China's large model competition has seen a new breakthrough, with Step Zenith officially releasing and open-sourcing its new Flash model - Step 3.7 Flash today. This model is specifically designed for the industrialization of agents, and it has been deeply optimized at the system level for code writing, online search, and multimodal workflows.

In terms of architecture, the model adopts an advanced sparse mixture-of-experts (MoE) architecture, with a total parameter count of 196B. With this innovative architecture, the model can generate up to 400 Tokens per second, significantly reducing waiting delays in high-frequency, multi-turn dialogues.

image.png

Native Multimodal and Search Enhancement

Step 3.7 Flash has powerful native multimodal understanding capabilities, allowing it to directly recognize and parse complex visual information such as UI interfaces, charts, and documents. This enables the model to quickly convert visual content into structured data, and even directly generate corresponding execution code.
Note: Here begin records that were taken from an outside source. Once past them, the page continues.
(* Let $\gamma=(\gamma_1,\gamma_2)\ge(0,0)$ and $\varkappa\ge0$ with $\gamma_2\ge\varkappa$. If $A\in\mathcal M_{\gamma,0}$ and $B\in\mathcal M_{\gamma,\varkappa}$, then the matrix products $AB$ and $BA$ (defined by $(AB)_a^b=\sum_{c\in\mathcal L}A_a^cB_c^b$) exist (the defining series converge absolutely), belong to $\mathcal M_{\gamma,\varkappa}$, and $$|AB|_{\gamma,\varkappa}\le|A|_{\gamma,0}|B|_{\gamma,\varkappa},\qquad |BA|_{\gamma,\varkappa}\le|A|_{\gamma,0}|B|_{\gamma,\varkappa}.$$
   Context: Let $d_*\ge1$ and let $\mathcal L\subset\mathbb Z^{d_*}$. For $a\in\mathbb Z^{d_*}$, $\langle a\rangle=\max(|a|,1)$, and $[a-b]=\min(|a-b|,|a+b|)$. For $\gamma=(\gamma_1,\gamma_2)$ and $\varkappa\ge0$ let $e_{\gamma,\varkappa}(a,b)=C\,e^{\gamma_1[a-b]}\max([a-b],1)^{\gamma_2}\min(\langle a\rangle,\langle b\rangle)^{\varkappa}$, where $C\ge1$ is a fixed constant, taken sufficiently large depending only on $\gamma_2$ and $\varkappa$ (standing assumption). For a matrix $A=(A_a^b)_{a,b\in\mathcal L}$ whose entries $A_a^b$ are complex $2\times2$ matrices, let $$|A|_{\gamma,\varkappa}=\max\Big\{\sup_a\sum_b\|A_a^b\|\,e_{\gamma,\varkappa}(a,b),\ \sup_b\sum_a\|A_a^b\|\,e_{\gamma,\varkappa}(a,b)\Big\},$$ $\|\cdot\|$ being the operator norm of $2\times2$ matrices, and let $\mathcal M_{\gamma,\varkappa}$ be the space of such matrices with $|A|_{\gamma,\varkappa}<\infty$. *)

theory Defs
  imports "HOL-Analysis.Analysis"
begin

text \<open>Points of Z^d are represented as functions nat => int vanishing outside {..<d}.\<close>

type_synonym lpt = "nat \<Rightarrow> int"
type_synonym blk = "complex ^ 2 ^ 2"

definition Zd :: "nat \<Rightarrow> lpt set" where
  "Zd d = {a. \<forall>i\<ge>d. a i = 0}"

definition lnorm :: "nat \<Rightarrow> lpt \<Rightarrow> real" where
  "lnorm d a = sqrt (\<Sum>i<d. (real_of_int (a i))\<^sup>2)"

definition bracket :: "nat \<Rightarrow> lpt \<Rightarrow> real" where
  "bracket d a = max (lnorm d a) 1"
(* Let $n$, $k$, $t$ be positive integers with $k\geq t+1$ and $n\geq 2k$, and let $V$ be an $n$-dimensional vector space over $\mathbb{F}_q$. If $\mathcal{F}\subseteq{V\brack k}$ is an almost $t$-intersecting family with $\tau_t(\mathcal{F})\geq k+1$, then $|\mathcal{F}|\leq\binom{2k-2t+2}{k-t+1}$.
   Context: $q$ is a prime power; ${W\brack k}$ is the set of $k$-dimensional subspaces of $W$. A family $\mathcal{F}\subseteq{V\brack k}$ is almost $t$-intersecting if for each $F\in\mathcal{F}$ there is at most one $F'\in\mathcal{F}$ with $\dim(F\cap F')<t$. A subspace $W$ of $V$ is a $t$-cover of $\mathcal{F}$ if $\dim(W\cap F)\geq t$ for all $F\in\mathcal{F}$; the $t$-covering number $\tau_t(\mathcal{F})$ is the minimum dimension of a $t$-cover of $\mathcal{F}$. *)

theory Defs
  imports "HOL-Analysis.Analysis"
begin

text \<open>The ambient space V is the n-dimensional space 'a^'n over a finite field 'a
  (so q = CARD('a) is a prime power and n = CARD('n)).\<close>

definition Gr :: "nat \<Rightarrow> ('a::{field,finite}^'n) set set" where
  "Gr k = {W. vec.subspace W \<and> vec.dim W = k}"

definition almost_t_intersecting :: "nat \<Rightarrow> ('a::{field,finite}^'n) set set \<Rightarrow> bool" where
  "almost_t_intersecting t \<F> \<longleftrightarrow>
     (\<forall>F\<in>\<F>. card {F'\<in>\<F>. vec.dim (F \<inter> F') < t} \<le> 1)"

definition t_cover :: "nat \<Rightarrow> ('a::{field,finite}^'n) set set \<Rightarrow> ('a^'n) set \<Rightarrow> bool" where
  "t_cover t \<F> W \<longleftrightarrow> vec.subspace W \<and> (\<forall>F\<in>\<F>. vec.dim (W \<inter> F) \<ge> t)"

definition tau :: "nat \<Rightarrow> ('a::{field,finite}^'n) set set \<Rightarrow> nat" where
  "tau t \<F> = (LEAST d. \<exists>W. t_cover t \<F> W \<and> vec.dim W = d)"

end

theory Submission
  imports Defs "HOL-Computational_Algebra.Fraction_Field" "HOL-Computational_Algebra.Polynomial"
begin

(* Every member X of the family has a unique partner pt X with dim (X meet pt X) < t: there is one
   because X, of dimension k < tau_t, is not a t-cover, and at most one because the family is almost
   t-intersecting; all other pairs meet in dimension at least t.  After extending scalars to the
   infinite field F_q(x) and cutting with a generic subspace of codimension t - 1, the members become
   s-dimensional subspaces Q_X, s = k - t + 1, with Q_X meet Q_(pt X) = 0 and Q_X meet Q_Y <> 0 for
   Y <> pt X.  Since pt is an involution, Lovasz's theorem for the pairs (Q_X, Q_(pt X)) gives the bound
   binom(2s, s).  It is proved by fixing a generic complement L of dimension n - 2s and considering
   the determinants y |-> det (basis of Q_X, y, basis of L) as alternating forms of s vector arguments
   modulo L: they span a space of dimension at most binom(2s, s), since such a form is determined by
   its values on the s-subsets of a basis of a complement of L, and evaluated at bases of the Q_(pt Y)
   they form a diagonal matrix with nonzero diagonal. *)

section \<open>Linear algebra in coordinate spaces\<close>

lemma vec_dim_Un_Int:
  fixes A B :: "('K::field^'n) set"
  shows "vec.dim (A \<union> B) + vec.dim (vec.span A \<inter> vec.span B) = vec.dim A + vec.dim B"
proof -
  have "vec.dim {x + y |x y. x \<in> vec.span A \<and> y \<in> vec.span B} + vec.dim (vec.span A \<inter> vec.span B)
        = vec.dim (vec.span A) + vec.dim (vec.span B)"
    by (rule vec.dim_sums_Int) auto
  then show ?thesis
    by (simp add: vec.span_Un[symmetric])
qed

lemma vec_dim_Int_ge:
  fixes S T :: "('K::field^'n) set"
  assumes "vec.subspace S" "vec.subspace T"
  shows "vec.dim S + vec.dim T \<le> vec.dim (S \<inter> T) + CARD('n)"
proof -
  have "vec.span S = S" "vec.span T = T"
    using assms by simp_all
  then show ?thesis
    using vec_dim_Un_Int[of S T] dim_subset_UNIV_cart_gen[of "S \<union> T"] by (simp only:)
qed

lemma vec_dim_eq_CARD_iff: "vec.dim (S :: ('K::field^'n) set) = CARD('n) \<longleftrightarrow> vec.span S = UNIV"
  using vec.dim_eq_full[of S] by (simp add: vec.dimension_def card_cart_basis)

lemma vec_subspace_eq_0_iff_dim:
  "vec.subspace S \<Longrightarrow> S = {0} \<longleftrightarrow> vec.dim (S :: ('K::field^'n) set) = 0"
  using vec.subspace_0 by auto

lemma span_Un_eq_UNIV_iff:
  fixes A B L :: "('K::field^'n) set"
  assumes "vec.subspace A" "vec.subspace B" "vec.subspace L"
    and "vec.dim A + vec.dim B + vec.dim L = CARD('n)"
  shows "vec.span (A \<union> B \<union> L) = UNIV \<longleftrightarrow> A \<inter> B = {0} \<and> vec.span (A \<union> B) \<inter> L = {0}"
proof -
  have span: "vec.span A = A" "vec.span B = B" "vec.span L = L"
    using assms by simp_all
  have "vec.dim (A \<union> B) + vec.dim (A \<inter> B) = vec.dim A + vec.dim B"
    using vec_dim_Un_Int[of A B] span by simp
  moreover have "vec.dim (A \<union> B \<union> L) + vec.dim (vec.span (A \<union> B) \<inter> L) = vec.dim (A \<union> B) + vec.dim L"
    using vec_dim_Un_Int[of "A \<union> B" L] span by simp
  ultimately have "vec.dim (A \<union> B \<union> L) = CARD('n) \<longleftrightarrow>
      vec.dim (A \<inter> B) = 0 \<and> vec.dim (vec.span (A \<union> B) \<inter> L) = 0"
    using assms(4) by linarith
  then show ?thesis
    using assms by (simp add: vec_dim_eq_CARD_iff vec_subspace_eq_0_iff_dim vec.subspace_inter)
qed

lemma ex_spanning_enumeration:
  fixes S :: "('K::field^'n) set"
  assumes "vec.subspace S" "finite X" "card X = vec.dim S"
  shows "\<exists>f. vec.span (f ` X) = S"
proof -
  obtain B where B: "B \<subseteq> S" "vec.independent B" "S \<subseteq> vec.span B" "card B = vec.dim S"
    using vec.basis_exists by blast
  moreover have "finite B"
    using B(2) vec.finiteI_independent by blast
  ultimately obtain f where "bij_betw f X B"
    using finite_same_card_bij assms(2,3) by metis
  then have "f ` X = B"
    by (simp add: bij_betw_def)
  moreover have "vec.span B = S"
    using B(1,3) vec.span_minimal[OF B(1) assms(1)] by blast
  ultimately show ?thesis
    by blast
qed

lemma ex_complement_enumeration:
  fixes L :: "('K::field^'n) set"
  assumes "vec.subspace L" "finite J" "vec.dim L + card J = CARD('n)"
  shows "\<exists>u. \<forall>x. \<exists>\<alpha>. x - (\<Sum>j\<in>J. \<alpha> j *s u j) \<in> L"
proof -
  obtain BL where BL: "BL \<subseteq> L" "vec.independent BL" "L \<subseteq> vec.span BL" "card BL = vec.dim L"
    using vec.basis_exists by blast
  obtain C where C: "BL \<subseteq> C" "vec.independent C" "UNIV \<subseteq> vec.span C"
    by (rule vec.maximal_independent_subset_extend[OF subset_UNIV BL(2)]) blast
  have "finite C"
    using C(2) vec.finiteI_independent by blast
  have "card C = vec.dim (UNIV :: ('K^'n) set)"
    using C by (intro vec.basis_card_eq_dim) simp_all
  then have "card (C - BL) = card J"
    using card_Diff_subset[OF finite_subset[OF C(1) \<open>finite C\<close>] C(1)] BL(4) assms(3)
    by (simp add: card_cart_basis)
  moreover have "finite (C - BL)"
    using \<open>finite C\<close> by simp
  ultimately obtain u where u: "bij_betw u J (C - BL)"
    using finite_same_card_bij[OF assms(2)] by metis
  then have "C - BL = u ` J"
    by (simp add: bij_betw_def)
  have "\<exists>\<alpha>. x - (\<Sum>j\<in>J. \<alpha> j *s u j) \<in> L" for x
  proof -
    have "(C - BL) \<union> BL = C"
      using C(1) by blast
    then have "x \<in> vec.span ((C - BL) \<union> BL)"
      using C(3) by (simp only:) blast
    then obtain a b where ab: "x = a + b" "a \<in> vec.span (u ` J)" "b \<in> vec.span BL"
      unfolding vec.span_Un \<open>C - BL = u ` J\<close> by blast
    from ab(2) obtain \<gamma> where "a = (\<Sum>v\<in>u ` J. \<gamma> v *s v)"
      unfolding vec.span_finite[OF finite_imageI[OF assms(2)]] by blast
    also have "\<dots> = (\<Sum>j\<in>J. \<gamma> (u j) *s u j)"
      using sum.reindex[of u J "\<lambda>v. \<gamma> v *s v"] u by (simp add: bij_betw_def)
    finally have "x - (\<Sum>j\<in>J. \<gamma> (u j) *s u j) = b"
      using ab(1) by simp
    moreover have "b \<in> L"
      using ab(3) vec.span_minimal[OF BL(1) assms(1)] by blast
    ultimately show ?thesis
      by auto
  qed
  then show ?thesis
    by blast
qed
At the same time, the new model has significantly enhanced its online retrieval and image search capabilities. It can actively obtain multi-source evidence across text and images in an open network environment, and ensure the accuracy of the obtained information through cross-comparison.

Highly Reliable Orchestration and Ecosystem Compatibility

To meet the needs of complex tasks, the model demonstrates extremely high stability in long-chain, multi-turn agent workflows. It can smoothly drive APIs, browsers, terminals, and Office tools, effectively reducing the probability of task execution failure or deviation.

Additionally, the model has undergone deep compatibility optimization for currently mainstream agent development frameworks and tool invocation protocols. This move significantly lowers the access threshold for developers, making workflow orchestration and ecosystem deployment more efficient and convenient.